#### [Task instructions]
Look through the records below for the line with "(closure (ball 0" and the line with "y \<in> closure", then return those lines and all lines between, exactly.

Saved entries
--------------------

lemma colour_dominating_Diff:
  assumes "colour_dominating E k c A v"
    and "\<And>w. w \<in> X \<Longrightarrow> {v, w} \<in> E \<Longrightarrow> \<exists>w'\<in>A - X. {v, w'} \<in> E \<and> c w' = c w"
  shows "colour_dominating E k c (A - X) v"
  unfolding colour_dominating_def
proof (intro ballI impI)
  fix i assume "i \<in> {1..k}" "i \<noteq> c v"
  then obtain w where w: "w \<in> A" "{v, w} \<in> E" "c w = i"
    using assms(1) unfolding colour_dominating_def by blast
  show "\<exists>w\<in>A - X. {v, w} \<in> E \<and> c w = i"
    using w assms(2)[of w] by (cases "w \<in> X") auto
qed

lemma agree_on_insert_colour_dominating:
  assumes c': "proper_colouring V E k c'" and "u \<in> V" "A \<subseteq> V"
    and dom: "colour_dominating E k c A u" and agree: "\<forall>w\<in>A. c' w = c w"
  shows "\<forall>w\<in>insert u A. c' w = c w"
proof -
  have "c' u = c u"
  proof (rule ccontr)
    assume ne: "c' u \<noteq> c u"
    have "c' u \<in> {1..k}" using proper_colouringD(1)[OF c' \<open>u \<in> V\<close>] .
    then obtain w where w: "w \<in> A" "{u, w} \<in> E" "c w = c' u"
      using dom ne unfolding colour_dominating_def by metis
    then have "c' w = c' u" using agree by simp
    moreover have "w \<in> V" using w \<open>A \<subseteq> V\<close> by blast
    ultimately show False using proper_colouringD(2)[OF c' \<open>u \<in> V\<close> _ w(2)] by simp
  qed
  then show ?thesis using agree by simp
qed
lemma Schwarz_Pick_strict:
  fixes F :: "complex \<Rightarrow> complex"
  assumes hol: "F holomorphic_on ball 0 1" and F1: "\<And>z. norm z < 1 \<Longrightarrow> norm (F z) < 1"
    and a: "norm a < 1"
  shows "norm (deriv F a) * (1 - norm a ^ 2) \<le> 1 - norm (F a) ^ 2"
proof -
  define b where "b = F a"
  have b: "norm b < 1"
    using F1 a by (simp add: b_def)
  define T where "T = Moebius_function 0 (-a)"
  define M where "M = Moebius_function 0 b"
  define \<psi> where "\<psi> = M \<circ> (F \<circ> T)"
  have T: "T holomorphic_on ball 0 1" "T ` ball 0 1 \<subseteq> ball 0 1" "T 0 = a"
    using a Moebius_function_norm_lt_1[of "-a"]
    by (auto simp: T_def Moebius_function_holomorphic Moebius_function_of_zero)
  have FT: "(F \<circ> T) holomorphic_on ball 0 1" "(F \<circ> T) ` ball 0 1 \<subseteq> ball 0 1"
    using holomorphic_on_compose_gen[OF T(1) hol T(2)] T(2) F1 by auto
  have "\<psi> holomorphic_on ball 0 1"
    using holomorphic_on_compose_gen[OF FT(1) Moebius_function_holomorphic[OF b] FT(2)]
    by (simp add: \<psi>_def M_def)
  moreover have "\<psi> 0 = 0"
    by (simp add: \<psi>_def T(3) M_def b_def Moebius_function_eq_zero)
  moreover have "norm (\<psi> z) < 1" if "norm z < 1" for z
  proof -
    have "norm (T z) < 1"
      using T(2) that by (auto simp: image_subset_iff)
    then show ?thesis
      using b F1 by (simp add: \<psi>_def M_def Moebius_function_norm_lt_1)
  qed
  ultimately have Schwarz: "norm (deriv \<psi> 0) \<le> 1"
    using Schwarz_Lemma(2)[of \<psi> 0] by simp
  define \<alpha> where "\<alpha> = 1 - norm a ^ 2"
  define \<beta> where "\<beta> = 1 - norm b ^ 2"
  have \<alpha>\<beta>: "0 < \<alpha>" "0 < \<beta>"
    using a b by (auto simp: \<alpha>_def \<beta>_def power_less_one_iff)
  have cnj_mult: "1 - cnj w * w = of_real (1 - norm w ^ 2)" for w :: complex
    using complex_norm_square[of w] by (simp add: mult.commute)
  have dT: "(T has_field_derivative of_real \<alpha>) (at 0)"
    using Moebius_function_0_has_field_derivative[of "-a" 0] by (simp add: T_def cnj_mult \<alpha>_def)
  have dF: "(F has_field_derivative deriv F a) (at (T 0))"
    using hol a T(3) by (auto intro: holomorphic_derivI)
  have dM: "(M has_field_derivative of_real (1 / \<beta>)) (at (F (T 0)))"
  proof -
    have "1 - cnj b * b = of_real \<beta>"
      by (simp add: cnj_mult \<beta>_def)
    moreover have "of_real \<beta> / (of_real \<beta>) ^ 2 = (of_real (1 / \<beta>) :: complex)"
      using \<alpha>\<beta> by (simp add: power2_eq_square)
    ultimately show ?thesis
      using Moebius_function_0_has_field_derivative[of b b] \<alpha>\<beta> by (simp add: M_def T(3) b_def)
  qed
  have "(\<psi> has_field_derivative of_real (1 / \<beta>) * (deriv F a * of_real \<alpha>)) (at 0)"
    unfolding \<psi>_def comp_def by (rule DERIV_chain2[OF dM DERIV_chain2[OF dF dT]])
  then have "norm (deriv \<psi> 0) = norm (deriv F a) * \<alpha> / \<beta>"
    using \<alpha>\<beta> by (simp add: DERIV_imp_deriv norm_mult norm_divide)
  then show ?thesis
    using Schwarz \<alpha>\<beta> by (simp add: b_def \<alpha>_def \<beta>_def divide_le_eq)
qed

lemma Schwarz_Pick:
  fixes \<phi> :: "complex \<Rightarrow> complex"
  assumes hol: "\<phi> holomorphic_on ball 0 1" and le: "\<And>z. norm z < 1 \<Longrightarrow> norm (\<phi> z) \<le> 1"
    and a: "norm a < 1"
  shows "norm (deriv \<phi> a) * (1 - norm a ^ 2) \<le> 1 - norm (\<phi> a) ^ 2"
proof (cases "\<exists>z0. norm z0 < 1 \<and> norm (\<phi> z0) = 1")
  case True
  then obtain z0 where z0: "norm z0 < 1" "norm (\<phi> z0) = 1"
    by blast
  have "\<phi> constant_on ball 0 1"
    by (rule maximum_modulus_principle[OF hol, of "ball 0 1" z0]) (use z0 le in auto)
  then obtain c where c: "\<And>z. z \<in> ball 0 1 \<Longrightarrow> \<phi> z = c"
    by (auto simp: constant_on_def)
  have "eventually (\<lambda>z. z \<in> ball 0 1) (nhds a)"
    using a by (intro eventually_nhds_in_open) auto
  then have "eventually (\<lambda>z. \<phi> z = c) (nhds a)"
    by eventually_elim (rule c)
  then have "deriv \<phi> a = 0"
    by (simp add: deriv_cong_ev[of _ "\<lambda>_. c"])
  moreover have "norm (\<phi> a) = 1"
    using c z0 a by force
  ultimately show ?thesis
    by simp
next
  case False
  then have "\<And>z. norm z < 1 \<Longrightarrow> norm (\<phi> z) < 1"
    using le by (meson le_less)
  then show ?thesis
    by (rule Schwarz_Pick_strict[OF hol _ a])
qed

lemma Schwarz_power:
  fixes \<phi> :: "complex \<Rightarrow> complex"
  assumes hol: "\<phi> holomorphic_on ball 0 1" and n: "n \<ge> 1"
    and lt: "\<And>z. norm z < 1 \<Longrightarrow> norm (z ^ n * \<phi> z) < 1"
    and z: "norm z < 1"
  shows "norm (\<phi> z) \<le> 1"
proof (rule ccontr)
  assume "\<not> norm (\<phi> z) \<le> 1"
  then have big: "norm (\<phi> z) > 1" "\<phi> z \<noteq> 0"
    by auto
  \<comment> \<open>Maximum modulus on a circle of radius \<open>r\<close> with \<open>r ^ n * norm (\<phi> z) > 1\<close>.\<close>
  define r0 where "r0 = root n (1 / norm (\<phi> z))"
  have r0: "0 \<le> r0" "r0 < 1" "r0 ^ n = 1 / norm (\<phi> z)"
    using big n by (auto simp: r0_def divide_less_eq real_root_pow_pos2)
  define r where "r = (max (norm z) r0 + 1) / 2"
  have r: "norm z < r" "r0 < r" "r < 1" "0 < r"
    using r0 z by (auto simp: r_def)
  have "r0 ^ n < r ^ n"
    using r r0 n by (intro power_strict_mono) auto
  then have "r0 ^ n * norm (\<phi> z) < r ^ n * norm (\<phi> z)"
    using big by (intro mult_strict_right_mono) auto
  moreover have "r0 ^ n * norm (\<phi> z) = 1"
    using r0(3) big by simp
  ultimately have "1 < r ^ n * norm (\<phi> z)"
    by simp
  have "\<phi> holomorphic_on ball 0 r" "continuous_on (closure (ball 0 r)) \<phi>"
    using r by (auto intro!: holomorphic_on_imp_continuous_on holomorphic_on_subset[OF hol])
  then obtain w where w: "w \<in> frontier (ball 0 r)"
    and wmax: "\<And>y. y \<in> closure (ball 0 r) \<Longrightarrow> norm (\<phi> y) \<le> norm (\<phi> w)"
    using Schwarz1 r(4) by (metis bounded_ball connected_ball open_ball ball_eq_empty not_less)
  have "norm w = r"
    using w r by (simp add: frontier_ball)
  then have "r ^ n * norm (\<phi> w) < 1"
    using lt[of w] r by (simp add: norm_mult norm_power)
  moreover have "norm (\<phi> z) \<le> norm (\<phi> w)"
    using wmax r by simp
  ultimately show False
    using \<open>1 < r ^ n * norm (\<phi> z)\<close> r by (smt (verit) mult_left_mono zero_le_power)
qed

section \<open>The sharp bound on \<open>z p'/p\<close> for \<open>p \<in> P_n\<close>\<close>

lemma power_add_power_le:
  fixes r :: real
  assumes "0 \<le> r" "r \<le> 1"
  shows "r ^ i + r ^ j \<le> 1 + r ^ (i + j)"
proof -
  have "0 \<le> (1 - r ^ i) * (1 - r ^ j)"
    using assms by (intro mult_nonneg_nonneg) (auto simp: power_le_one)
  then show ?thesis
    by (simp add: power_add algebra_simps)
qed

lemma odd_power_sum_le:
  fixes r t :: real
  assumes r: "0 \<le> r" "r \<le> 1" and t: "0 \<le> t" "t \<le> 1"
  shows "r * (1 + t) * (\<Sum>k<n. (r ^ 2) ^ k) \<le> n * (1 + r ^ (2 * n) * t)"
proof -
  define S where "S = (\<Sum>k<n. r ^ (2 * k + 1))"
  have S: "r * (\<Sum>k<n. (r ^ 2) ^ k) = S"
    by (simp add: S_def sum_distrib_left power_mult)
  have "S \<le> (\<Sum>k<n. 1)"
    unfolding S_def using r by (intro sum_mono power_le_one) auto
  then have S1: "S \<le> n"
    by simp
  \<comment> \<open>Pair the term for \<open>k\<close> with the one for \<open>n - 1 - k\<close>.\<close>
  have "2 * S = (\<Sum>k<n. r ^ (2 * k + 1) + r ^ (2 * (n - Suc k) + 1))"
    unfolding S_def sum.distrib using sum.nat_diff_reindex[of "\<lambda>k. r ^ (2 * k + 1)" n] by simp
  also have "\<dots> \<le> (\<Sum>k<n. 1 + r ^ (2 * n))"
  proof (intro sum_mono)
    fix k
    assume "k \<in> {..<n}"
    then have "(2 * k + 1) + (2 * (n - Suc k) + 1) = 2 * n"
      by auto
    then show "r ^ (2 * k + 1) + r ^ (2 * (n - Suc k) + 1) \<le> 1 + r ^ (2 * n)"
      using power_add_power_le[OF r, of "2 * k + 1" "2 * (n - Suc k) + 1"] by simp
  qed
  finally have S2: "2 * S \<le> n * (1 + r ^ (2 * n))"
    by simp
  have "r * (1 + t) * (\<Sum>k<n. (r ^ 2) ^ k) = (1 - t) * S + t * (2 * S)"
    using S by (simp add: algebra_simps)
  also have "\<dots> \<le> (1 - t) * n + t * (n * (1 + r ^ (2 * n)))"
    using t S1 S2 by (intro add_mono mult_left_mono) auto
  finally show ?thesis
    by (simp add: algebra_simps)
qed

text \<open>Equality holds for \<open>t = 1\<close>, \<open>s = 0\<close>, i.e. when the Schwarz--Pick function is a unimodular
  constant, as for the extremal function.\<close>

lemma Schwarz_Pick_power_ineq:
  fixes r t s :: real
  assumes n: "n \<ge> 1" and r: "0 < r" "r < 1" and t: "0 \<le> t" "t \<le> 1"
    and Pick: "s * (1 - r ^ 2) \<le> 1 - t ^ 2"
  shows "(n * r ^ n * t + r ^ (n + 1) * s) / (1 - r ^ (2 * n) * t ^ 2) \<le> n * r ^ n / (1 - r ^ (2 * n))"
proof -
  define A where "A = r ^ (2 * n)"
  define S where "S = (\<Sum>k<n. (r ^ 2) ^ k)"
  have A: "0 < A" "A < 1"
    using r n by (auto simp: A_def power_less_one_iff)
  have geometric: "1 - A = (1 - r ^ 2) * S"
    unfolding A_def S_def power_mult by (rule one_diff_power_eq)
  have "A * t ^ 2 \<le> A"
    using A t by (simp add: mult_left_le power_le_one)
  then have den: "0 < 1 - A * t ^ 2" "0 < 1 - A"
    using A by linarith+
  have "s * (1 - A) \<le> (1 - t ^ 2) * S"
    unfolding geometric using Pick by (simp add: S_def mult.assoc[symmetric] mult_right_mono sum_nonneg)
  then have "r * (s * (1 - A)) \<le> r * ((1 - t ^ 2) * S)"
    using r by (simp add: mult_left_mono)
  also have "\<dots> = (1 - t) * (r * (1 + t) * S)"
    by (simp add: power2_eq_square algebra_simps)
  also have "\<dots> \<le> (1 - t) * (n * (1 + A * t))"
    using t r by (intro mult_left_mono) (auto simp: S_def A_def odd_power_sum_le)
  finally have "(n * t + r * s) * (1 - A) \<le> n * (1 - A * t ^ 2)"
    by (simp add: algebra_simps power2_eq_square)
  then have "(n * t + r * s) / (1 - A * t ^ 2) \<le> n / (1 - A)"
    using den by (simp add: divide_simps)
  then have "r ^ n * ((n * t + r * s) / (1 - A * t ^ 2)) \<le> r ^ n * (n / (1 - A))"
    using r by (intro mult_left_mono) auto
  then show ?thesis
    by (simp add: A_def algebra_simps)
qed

--------------------

#### [Task output]
  have "\<phi> holomorphic_on ball 0 r" "continuous_on (closure (ball 0 r)) \<phi>"
    using r by (auto intro!: holomorphic_on_imp_continuous_on holomorphic_on_subset[OF hol])
  then obtain w where w: "w \<in> frontier (ball 0 r)"
    and wmax: "\<And>y. y \<in> closure (ball 0 r) \<Longrightarrow> norm (\<phi> y) \<le> norm (\<phi> w)"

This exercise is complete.